Fears are mounting over the potential dangers of a large-scale lithium battery at Greenbank set to transform Logan’s renewable energy capacity.

Battery Energy Storage Systems (BESS) like the one currently being built at Greenbank have been hailed as the future of renewable energy, able to store and discharge enough energy to power 66,000 homes for two hours during the evening peak.

Hundreds have popped up all over the world.

But a series of large-scale fires, including one in Queensland last year, are making some Greenbank residents nervous.

A spokesperson from the company developing the battery, CS Energy, said megapack fires were “extremely rare”.

“Testing shows that if one occurs, Megapack safety systems can control and contain a fire within a unit,” the spokesperson said.

She said the gases produced from a battery fire would be similar to those released during a “typical structure fire of a building or other infrastructure”.

“Only trace amounts of acid gases are released during a Megapack fire, and these gases come from burning plastics and not battery cells,” she said.

“The concentrations are small enough that they are quickly diluted upon contact with the air, meaning there would be no negative impact to air quality in the surrounding area.”

Local resident Bruce Fraser said the battery’s renewable capabilities and grid benefits were “absolutely crushed by the potential disaster effects”.

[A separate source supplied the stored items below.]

(* Let $H$ be a complex Hilbert space and let $f(z)=\sum_{n=0}^{\infty}a_nz^n$ be a power series with complex coefficients, convergent on the open disk $D(0,R)\subset\mathbb{C}$, $R>0$, and let $f_a(z):=\sum_{n=0}^{\infty}|a_n|z^n$. Let $A,B\in B(H)$ commute and satisfy $\|A\|^2<R$, $\|B\|^2<R$. Then both of the following chains of inequalities hold: \[ r\left[f(AB)\right]\leq \frac12 f_a(\|AB\|)+\frac12 f_a\left(\|A\|^{1/2}\|B\|^{1/2}\|AB\|^{1/2}\right) \leq \frac12 f_a(\|AB\|)+\frac12 f_a^{1/2}(\|A\|\|B\|)f_a^{1/2}(\|AB\|), \] and \[ r\left[f(AB)\right]\leq \frac12 f_a(\|AB\|)+\frac12\min\left\{f_a\left(\|A\|\|B^2\|^{1/2}\right),\ f_a\left(\|A^2\|^{1/2}\|B\|\right)\right\} \] \[ \leq \frac12 f_a(\|AB\|)+\frac12\min\left\{f_a^{1/2}(\|A\|^2)f_a^{1/2}(\|B^2\|),\ f_a^{1/2}(\|A^2\|)f_a^{1/2}(\|B\|^2)\right\}. \]
   Context: $B(H)$ denotes the algebra of bounded linear operators on $H$, $\|\cdot\|$ the operator norm, and $r(T)$ the spectral radius of $T$. For an operator $T$ with $\|T\|<R$, $f(T):=\sum_{n=0}^\infty a_nT^n$. *)

theory Defs
  imports "HOL-Analysis.Analysis"
begin

text \<open>A complex Hilbert space, presented through its realification: a real Hilbert
  space (real inner product, complete) carrying a complex scalar multiplication that
  extends the real one and is norm-homogeneous.  The complex inner product is then
  recovered by polarization.\<close>
class complex_hilbert = real_inner + complete_space +
  fixes cscale :: "complex \<Rightarrow> 'a \<Rightarrow> 'a"
  assumes cscale_of_real: "cscale (complex_of_real r) x = r *\<^sub>R x"
    and cscale_add_left: "cscale (a + b) x = cscale a x + cscale b x"
    and cscale_add_right: "cscale a (x + y) = cscale a x + cscale a y"
    and cscale_cscale: "cscale a (cscale b x) = cscale (a * b) x"
    and norm_cscale: "norm (cscale a x) = cmod a * norm x"

definition is_BH :: "('a::complex_hilbert \<Rightarrow>\<^sub>L 'a) \<Rightarrow> bool" where
  "is_BH T \<longleftrightarrow> (\<forall>c x. blinfun_apply T (cscale c x) = cscale c (blinfun_apply T x))"

definition cscaleL :: "complex \<Rightarrow> ('a::complex_hilbert \<Rightarrow>\<^sub>L 'a) \<Rightarrow> ('a \<Rightarrow>\<^sub>L 'a)" where
  "cscaleL c T = Blinfun (\<lambda>x. cscale c (blinfun_apply T x))"

definition opow :: "('a::real_normed_vector \<Rightarrow>\<^sub>L 'a) \<Rightarrow> nat \<Rightarrow> ('a \<Rightarrow>\<^sub>L 'a)" where
  "opow T n = ((\<lambda>S. T o\<^sub>L S) ^^ n) id_blinfun"

definition op_series :: "(nat \<Rightarrow> complex) \<Rightarrow> ('a::complex_hilbert \<Rightarrow>\<^sub>L 'a) \<Rightarrow> ('a \<Rightarrow>\<^sub>L 'a)" where
  "op_series a T = (\<Sum>n. cscaleL (a n) (opow T n))"

definition abs_series :: "(nat \<Rightarrow> complex) \<Rightarrow> real \<Rightarrow> real" where
  "abs_series a t = (\<Sum>n. cmod (a n) * t ^ n)"

definition op_spectrum :: "('a::complex_hilbert \<Rightarrow>\<^sub>L 'a) \<Rightarrow> complex set" where
  "op_spectrum T = {l. \<not> (\<exists>S. is_BH S \<and>
      (\<forall>x. blinfun_apply S (blinfun_apply T x - cscale l x) = x) \<and>
      (\<forall>x. blinfun_apply T (blinfun_apply S x) - cscale l (blinfun_apply S x) = x))}"

text \<open>Spectral radius (with the convention 0 for an empty spectrum, i.e. H = {0}).\<close>
definition spectral_radius :: "('a::complex_hilbert \<Rightarrow>\<^sub>L 'a) \<Rightarrow> real" where
  "spectral_radius T = (if op_spectrum T = {} then 0 else Sup (cmod ` op_spectrum T))"

end

theory Submission
  imports Defs
begin

text \<open>
  Write \<open>T = AB\<close>. Every \<open>\<lambda>\<close> in the spectrum of \<open>f(T)\<close> satisfies \<open>|\<lambda>| \<le> f\<^sub>a(s)\<close> as soon as
  the powers of \<open>T\<close> grow at most like \<open>s'\<^sup>k\<close> for every \<open>s' > s\<close>: the coefficients of \<open>f(T)\<^sup>n\<close>
  are those of \<open>f\<^sup>n\<close>, which gives \<open>\<parallel>f(T)\<^sup>n\<parallel> \<le> C f\<^sub>a(s')\<^sup>n\<close>, so the Neumann series
  \<open>-\<Sum> \<lambda>\<^sup>-\<^sup>n\<^sup>-\<^sup>1 f(T)\<^sup>n\<close> inverts \<open>f(T) - \<lambda>\<close> when \<open>|\<lambda>| > f\<^sub>a(s')\<close>; let \<open>s' \<rightarrow> s\<close> by continuity of \<open>f\<^sub>a\<close>.
  Admissible growth rates are \<open>\<parallel>AB\<parallel>\<close>, and, by commutativity
  \<open>(AB)\<^sup>2\<^sup>m = A\<^sup>2\<^sup>m (B\<^sup>2)\<^sup>m\<close>, also \<open>\<parallel>A\<parallel> \<parallel>B\<^sup>2\<parallel>\<^sup>1\<^sup>/\<^sup>2\<close> and symmetrically \<open>\<parallel>A\<^sup>2\<parallel>\<^sup>1\<^sup>/\<^sup>2 \<parallel>B\<parallel>\<close>.
  The remaining inequalities are monotonicity of \<open>f\<^sub>a\<close> and the Cauchy--Schwarz inequality
  \<open>f\<^sub>a(\<surd>(xy)) \<le> f\<^sub>a(x)\<^sup>1\<^sup>/\<^sup>2 f\<^sub>a(y)\<^sup>1\<^sup>/\<^sup>2\<close>.
\<close>

instance complex_hilbert \<subseteq> banach ..

subsection \<open>Complex scalar multiplication\<close>

lemma bounded_linear_cscale: "bounded_linear (cscale c :: 'a::complex_hilbert \<Rightarrow> 'a)"
proof (rule bounded_linear_intro[where K="cmod c"])
  fix x y :: 'a show "cscale c (x + y) = cscale c x + cscale c y" by (rule cscale_add_right)
next
  fix r :: real and x :: 'a
  show "cscale c (r *\<^sub>R x) = r *\<^sub>R cscale c x"
    by (simp add: cscale_cscale mult.commute flip: cscale_of_real)
next
  fix x :: 'a show "norm (cscale c x) \<le> norm x * cmod c" by (simp add: norm_cscale mult.commute)
qed

lemma cscale_1 [simp]: "cscale 1 x = x"
  using cscale_of_real[of 1 x] by simp

lemma cscaleL_apply [simp]: "blinfun_apply (cscaleL c T) x = cscale c (blinfun_apply T x)"
proof -
  have "bounded_linear (\<lambda>x. cscale c (blinfun_apply T x))"
    by (rule bounded_linear_compose[OF bounded_linear_cscale blinfun.bounded_linear_right])
  then show ?thesis unfolding cscaleL_def by (simp add: bounded_linear_Blinfun_apply)
qed

lemma norm_cscaleL: "norm (cscaleL c T) \<le> cmod c * norm T"
  by (rule norm_blinfun_bound) (auto simp: norm_cscale mult.assoc intro!: mult_left_mono norm_blinfun)

lemma cscaleL_0 [simp]: "cscaleL 0 T = 0"
  by (rule blinfun_eqI) (simp add: cscale_of_real[of 0, simplified])

lemma cscaleL_sum: "cscaleL (\<Sum>i\<in>I. c i) T = (\<Sum>i\<in>I. cscaleL (c i) T)"
proof (induction I rule: infinite_finite_induct)
  case (insert i I)
  have "cscaleL (c i + d) T = cscaleL (c i) T + cscaleL d T" for d
    by (rule blinfun_eqI) (simp add: cscale_add_left blinfun.add_left)
  with insert show ?case by simp
qed simp_all

lemma cscaleL_diff: "cscaleL c (X - Y) = cscaleL c X - cscaleL c Y"
  by (rule blinfun_eqI)
    (simp add: blinfun.diff_left linear_diff[OF bounded_linear.linear[OF bounded_linear_cscale]])

lemma cscaleL_1 [simp]: "cscaleL 1 T = T"
  by (rule blinfun_eqI) simp

lemma cscaleL_cscaleL [simp]: "cscaleL c (cscaleL d T) = cscaleL (c * d) T"
  by (rule blinfun_eqI) (simp add: cscale_cscale)

lemma cscaleL_blinfun_compose: "cscaleL c X o\<^sub>L Y = cscaleL c (X o\<^sub>L Y)"
  by (rule blinfun_eqI) simp

lemma blinfun_compose_cscaleL: "is_BH X \<Longrightarrow> X o\<^sub>L cscaleL c Y = cscaleL c (X o\<^sub>L Y)"
  by (rule blinfun_eqI) (simp add: is_BH_def)

lemma is_BH_compose: "is_BH X \<Longrightarrow> is_BH Y \<Longrightarrow> is_BH (X o\<^sub>L Y)"
  by (simp add: is_BH_def)

lemma is_BH_id: "is_BH id_blinfun"
  by (simp add: is_BH_def)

He said the major concern wasn’t the fire itself; rather the “fallout”.

“You’ve got 20,000 people living around here in all these estates, and [during a fire] all the hydro fluoride, carbon monoxide and lithium nanoparticles floating everywhere, will go whatever way the wind blows, and half the people drink from their water tanks,” Mr Fraser said.

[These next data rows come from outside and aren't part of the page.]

lemma window_avg_double_funpow:
  assumes h: "h > 0" and [measurable]: "F \<in> borel_measurable borel"
  shows "(window_avg c (2*h) ^^ m) F s
       = ennreal (1/2^m) * (\<Sum>j\<le>m. of_nat (m choose j) * (window_avg c h ^^ m) F (s + j*h))"
proof (induction m arbitrary: s)
  case 0
  then show ?case by simp
next
  case (Suc m)
  define K where "K = (window_avg c h ^^ m) F"
  have [measurable]: "K \<in> borel_measurable borel" unfolding K_def by measurable
  have half: "window_avg c h ((window_avg c (2*h) ^^ m) F) t
      = ennreal (1/2^m) * (\<Sum>j\<le>m. of_nat (m choose j) * window_avg c h K (t + j*h))" for t
  proof -
    have "window_avg c h ((window_avg c (2*h) ^^ m) F) t
        = ennreal (1/2^m) * window_avg c h (\<lambda>t. \<Sum>j\<le>m. of_nat (m choose j) * K (t + j*h)) t"
      unfolding Suc.IH K_def[symmetric] by (rule window_avg_cmult) measurable
    also have "window_avg c h (\<lambda>t. \<Sum>j\<le>m. of_nat (m choose j) * K (t + j*h)) t
       = (\<Sum>j\<le>m. of_nat (m choose j) * window_avg c h K (t + j*h))"
      by (subst window_avg_sum) (auto simp: window_avg_cmult window_avg_shift)
    finally show ?thesis .
  qed
  have "ennreal (1/2) * ennreal (1/2^m) = ennreal (1/2^Suc m)"
    by (subst ennreal_mult[symmetric]) auto
  then have "(window_avg c (2*h) ^^ Suc m) F s = ennreal (1/2^Suc m) *
      ((\<Sum>j\<le>m. of_nat (m choose j) * window_avg c h K (s + j*h))
      + (\<Sum>j\<le>m. of_nat (m choose j) * window_avg c h K (s + real (Suc j)*h)))"
    using h by (simp add: window_avg_double half distrib_left mult.assoc[symmetric] add_ac distrib_right)
  also have "\<dots> = ennreal (1/2^Suc m) * (\<Sum>j\<le>Suc m. of_nat (Suc m choose j) * window_avg c h K (s + j*h))"
    by (simp only: sum_binomial_Suc_split[where f="\<lambda>j. window_avg c h K (s + real j*h)"])
  finally show ?case unfolding K_def by (simp only: funpow.simps comp_def)
qed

Mr Fraser is concerned about the possibility of a “mass gassing” with lithium toxins contaminating surrounding suburbs.

But the developer of the battery maintains if a fire were to break out, the fallout would be akin to that of a “building fire”.

“Look at our roads, we can’t even survive a flood, half the roads were cut-off… so if we were to have a battery fire in those conditions, you’ll never be able to get medical assistance to that area,” Mr Fraser.

“We can’t be protected.”

Greenbank resident Bruce Fraser outside the site where a $300 million renewable energy storage facility is being built.

Mr Fraser serves as the chairman of a local group, known as the New Beith Baptist Church Power Liaison Team, advocating against the installation of the battery.

“I’m all for having a big battery system, just not in the middle of 20,000 residents with poor road networks,” he said.

“Of the 81 fires around the world, 30 of them have been in the last two years.

“Technology is getting better, but we don’t want Greenbank to appear on the list of fires.”

The individual batteries, known as “megapacks”, are made by Tesla.

Tesla’s advice to Australian fire departments is to allow a battery blaze to simply burn out.

“If there’s a fire, they won’t put it out, it’ll burn itself out and that’s just not acceptable,” Mr Fraser said.

Tesla’s megapacks are made using lithium iron phosphate (also known as lithium ferro phosphate, LFP, or LiFePO4).

The CS Energy spokesperson said this was a “different battery chemistry” from lithium ion (Li-ion), which is often used in mobile phones, laptops and electric bikes.

LFP is the safest lithium chemistry available,” the spokesperson said.

“Safety is the top priority for CS Energy.

“”We have partnered with Tesla for this project because they set the industry benchmark for energy storage product design and safety. 

“The Tesla Megapack 2XL units that will be installed at Greenbank are one of the safest battery storage products of their kind.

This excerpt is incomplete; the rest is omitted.